Varnava enriches his study with many references to archival material (especially private and parliamentary papers), cartoons from Punch, references to songs and plays about Cyprus and maps. Appendices also forcefully complete the arguments of the main body of text. The impression is of a clear demonstration throughout, especially as each chapter winds up with a short comprehensive, powerful conclusion. The account makes a very interesting reading for any one interesting in British imperialism in Europe in general and in Cyprus’s imperial era, more specifically, however demanding the reading could be. Perhaps Varnava could have alleviated the reading by providing definitions for concepts that are unfamiliar to non-specialists (for example ‘enosis’ or the EOKA, which stands for the National organisation of Cypriot struggle). But this is a minor point. British Imperialism in Cyprus is definitely an illuminating research piece on the ‘tensions underlying British imperialism in Cyprus’.

 

©Stéphanie Prévost & GRAAT

 

Andrekos Varnava’s reply to Stéphanie Prévost’s review

I must thank Stéphanie Prévost for her thorough and insightful review of my book. I am pleased that she has engaged with what is written in the book in terms of historiography, context and argument.
There are only a few points I wish to clarify for Prévost and for those reading her review.

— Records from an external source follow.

lemma isometry_W1_of_orthogonal_families:
  fixes a a' :: "nat \<Rightarrow> 'a"
  assumes aW: "\<forall>i<m. a i \<in> W1 \<and> a' i \<in> W1"
    and ga: "\<forall>i<m. \<forall>j<m. g (a i) (a j) = (if i = j then lam i else 0)"
    and ga': "\<forall>i<m. \<forall>j<m. g (a' i) (a' j) = (if i = j then lam i else 0)"
    and cond: "(degenerate_subspace g (span (a ` {..<m})) \<and> dim (span (a ` {..<m})) = m
        \<and> degenerate_subspace g (span (a' ` {..<m})) \<and> dim (span (a' ` {..<m})) = m)
      \<or> (\<not> degenerate_subspace g (span (a ` {..<m})) \<and> \<not> degenerate_subspace g (span (a' ` {..<m})))"
  shows "\<exists>T. isometry_on W1 T \<and> (\<forall>i<m. T (a i) = a' i)"
  using cond
proof (elim disjE conjE)
  assume "degenerate_subspace g (span (a ` {..<m}))" "dim (span (a ` {..<m})) = m"
    "degenerate_subspace g (span (a' ` {..<m}))" "dim (span (a' ` {..<m})) = m"
  then obtain i0 i1 where i0: "i0 < m" "lam i0 = 0" "a i0 \<noteq> 0" "\<forall>j<m. j \<noteq> i0 \<longrightarrow> lam j \<noteq> 0"
      and i1: "i1 < m" "lam i1 = 0" "a' i1 \<noteq> 0"
    using degenerate_orthogonal_family_structure[OF ga] degenerate_orthogonal_family_structure[OF ga']
    by blast
  then have "a' i0 \<noteq> 0"
    by blast
  then show ?thesis
    by (rule isometry_extension_one_null[OF subspace_W1 nondegenerate_W1 has_index_W1 aW ga ga'
          i0(1-3) _ i0(4)])
next
  assume "\<not> degenerate_subspace g (span (a ` {..<m}))" "\<not> degenerate_subspace g (span (a' ` {..<m}))"
  then show ?thesis
    by (rule isometry_extension_nondegenerate_span[OF subspace_W1 nondegenerate_W1 has_index_W1 aW ga ga'])
qed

Prévost states that the British made a ‘second formal offer’ of Cyprus to Greece and that both ‘offers’ were rejected. This is incorrect. In December 1912 the British introduced the idea of ceding Cyprus to Greece to the Greek PM Eleutherios Venizelos. He did not reject the idea. Events and circumstances postponed serious discussion of the proposal until matters changed when World War I started. Although Britain made efforts to coax Greece into the war, Cyprus was not initially offered because Lord Kitchener entertained the idea of landing troops at Alexandretta. In the event, it was only when Bulgaria entered the war on the side of the Central Powers, and swiftly moved into Serbia, that the first and only formal offer of Cyprus to Greece was made, and subsequently rejected.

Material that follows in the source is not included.